▸ WHAT YOU NEED TO DO: With both ends included, repeat exactly the lines of the entries below from the one containing "using col_space_mat_pow_ge_mat_index[OF index]" down to the one containing "using index \<open>m", and no others.

BEGIN MATERIAL PROVIDED

lemma mat_pow_core_EP_mult_fixes:
  "s \<in> col_space (mat_pow A (mat_index A)) \<Longrightarrow>
    mat_pow (core_EP A) i *v (mat_pow A i *v s) = s"
proof (induction i arbitrary: s)
  case (Suc i)
  have "A *v s \<in> col_space (mat_pow A (mat_index A))"
    using Suc.prems image_col_space_mat_pow_mat_index[of A] by blast
  then have "mat_pow (core_EP A) i *v (mat_pow A i *v (A *v s)) = A *v s"
    by (rule Suc.IH)
  then show ?case
    using core_EP_mult_fixes[OF Suc.prems]
    by (simp only: mat_pow.simps(2)[of "core_EP A"] mat_pow_Suc_right[of A]
        matrix_vector_mul_assoc[symmetric])
qed simp

section \<open>The \<open>m\<close>-weak core inverse\<close>

lemma weak_core_m_eq_core_EP_mult:
  "weak_core_m m A = core_EP A ** (mat_pow (core_EP A) m ** mat_pow A m **
     (mat_pow A m ** mp_inverse (mat_pow A m)))"
  unfolding weak_core_m_def weak_group_m_def by (simp add: matrix_mul_assoc)

lemma col_space_mult_weak_core_m:
  "col_space (A ** weak_core_m m A) \<subseteq> col_space (mat_pow A (mat_index A))"
proof -
  have "col_space (A ** weak_core_m m A) \<subseteq> col_space (A ** core_EP A)"
    by (metis col_space_mult_subset weak_core_m_eq_core_EP_mult matrix_mul_assoc)
  also have "\<dots> = col_space (mat_pow A (mat_index A))"
    by (simp add: col_space_mult col_space_core_EP image_col_space_mat_pow_mat_index del: mat_pow.simps)
  finally show ?thesis .
qed

lemma mult_weak_core_m_mult:
  assumes index: "mat_index A \<le> 1" and "m \<ge> 1"
  shows "A ** weak_core_m m A ** A = A"
proof (rule matrix_eq[THEN iffD2], rule allI)
  fix x
  let ?E = "core_EP A"
  have "col_space A = col_space (mat_pow A (mat_index A))"
    using col_space_mat_pow_ge_mat_index[OF index] by (simp only: mat_pow_1)
  then have Ax_index: "A *v x \<in> col_space (mat_pow A (mat_index A))"
    by (metis matrix_vector_mult_in_col_space)
  moreover have "col_space (mat_pow A m) = col_space (mat_pow A (mat_index A))"
    using index \<open>m \<ge> 1\<close> by (intro col_space_mat_pow_ge_mat_index) simp
  ultimately have Ax_m: "A *v x \<in> col_space (mat_pow A m)"
    by simp
  have "(A ** weak_core_m m A ** A) *v x = A *v (?E *v (mat_pow ?E m *v (mat_pow A m *v
      (mat_pow A m *v (mp_inverse (mat_pow A m) *v (A *v x))))))"
    by (simp add: weak_core_m_eq_core_EP_mult matrix_vector_mul_assoc[symmetric])
  also have "\<dots> = A *v (?E *v (mat_pow ?E m *v (mat_pow A m *v (A *v x))))"
    by (simp only: mp_inverse_fixes_col_space[OF Ax_m])
  also have "\<dots> = A *v (?E *v (A *v x))"
    by (simp only: mat_pow_core_EP_mult_fixes[OF Ax_index])
  also have "\<dots> = A *v x"
    by (rule mult_core_EP_fixes[OF Ax_index])
  finally show "(A ** weak_core_m m A ** A) *v x = A *v x" .
qed
lemma norm_infsum_translates_diff_le:
  assumes moment_1_finite: "set_integrable lborel {0..} (\<lambda>s. s * W s)"
    and pr: "p \<noteq> r" and qp: "\<bar>q - p\<bar> \<le> \<bar>p - r\<bar> / 2"
    and g: "\<And>j k. cmod (g (j, k)) \<le> cmod (wav \<psi> j k q - wav \<psi> j k p) * cmod (wav \<psi> j k r)"
  shows "g summable_on UNIV"
    "cmod (infsum g UNIV) \<le> kernel_smoothness_bound * \<bar>q - p\<bar> / \<bar>p - r\<bar>\<^sup>2"
proof -
  define d where "d = \<bar>p - r\<bar>"
  have d: "0 < d" using pr by (simp add: d_def)
  let ?b = "\<lambda>j. 2 * (2 powr of_int j)\<^sup>2 * \<bar>q - p\<bar> *
                 (lattice_bound * pair_decay (2 powr of_int j * (d / 4)))"
  have inner: "(\<Sum>k\<in>K. cmod (g (j, k))) \<le> ?b j" if "finite K" for j K
    using sum_mono[of K "\<lambda>k. cmod (g (j, k))", OF g] sum_translates_diff_le[OF that qp, of j]
    unfolding d_def by linarith
  have outer: "(\<Sum>j\<in>J. ?b j) \<le> kernel_smoothness_bound * \<bar>q - p\<bar> / \<bar>p - r\<bar>\<^sup>2"
    if "finite J" for J
  proof -
    have dyadic: "(\<Sum>j\<in>J. (2 powr of_int j)\<^sup>2 * pair_decay (2 powr of_int j * (d / 4)))
        \<le> (8 * envelope 0 + 64 * moment 1) / (d / 4)\<^sup>2"
      using sum_dyadic_pair_decay_le[of 1 "d / 4" J] moment_1_finite d that
      by (simp add: numeral_eq_Suc)
    have "(\<Sum>j\<in>J. ?b j) = (2 * \<bar>q - p\<bar> * lattice_bound) *
        (\<Sum>j\<in>J. (2 powr of_int j)\<^sup>2 * pair_decay (2 powr of_int j * (d / 4)))"
      by (simp add: sum_distrib_left mult_ac)
    also have "\<dots> \<le> (2 * \<bar>q - p\<bar> * lattice_bound) * ((8 * envelope 0 + 64 * moment 1) / (d / 4)\<^sup>2)"
      by (rule mult_left_mono[OF dyadic]) (use lattice_bound_pos in simp)
    also have "\<dots> = kernel_smoothness_bound * \<bar>q - p\<bar> / \<bar>p - r\<bar>\<^sup>2"
      using d by (simp add: kernel_smoothness_bound_def d_def field_simps power2_eq_square)
    finally show ?thesis .
  qed
  show "g summable_on UNIV" "cmod (infsum g UNIV) \<le> kernel_smoothness_bound * \<bar>q - p\<bar> / \<bar>p - r\<bar>\<^sup>2"
    using norm_infsum_le_iterated_sums[OF inner outer] by auto
qed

END MATERIAL PROVIDED

▸ SOLUTION TO THE PROBLEM:
    using col_space_mat_pow_ge_mat_index[OF index] by (simp only: mat_pow_1)
  then have Ax_index: "A *v x \<in> col_space (mat_pow A (mat_index A))"
    by (metis matrix_vector_mult_in_col_space)
  moreover have "col_space (mat_pow A m) = col_space (mat_pow A (mat_index A))"
    using index \<open>m \<ge> 1\<close> by (intro col_space_mat_pow_ge_mat_index) simp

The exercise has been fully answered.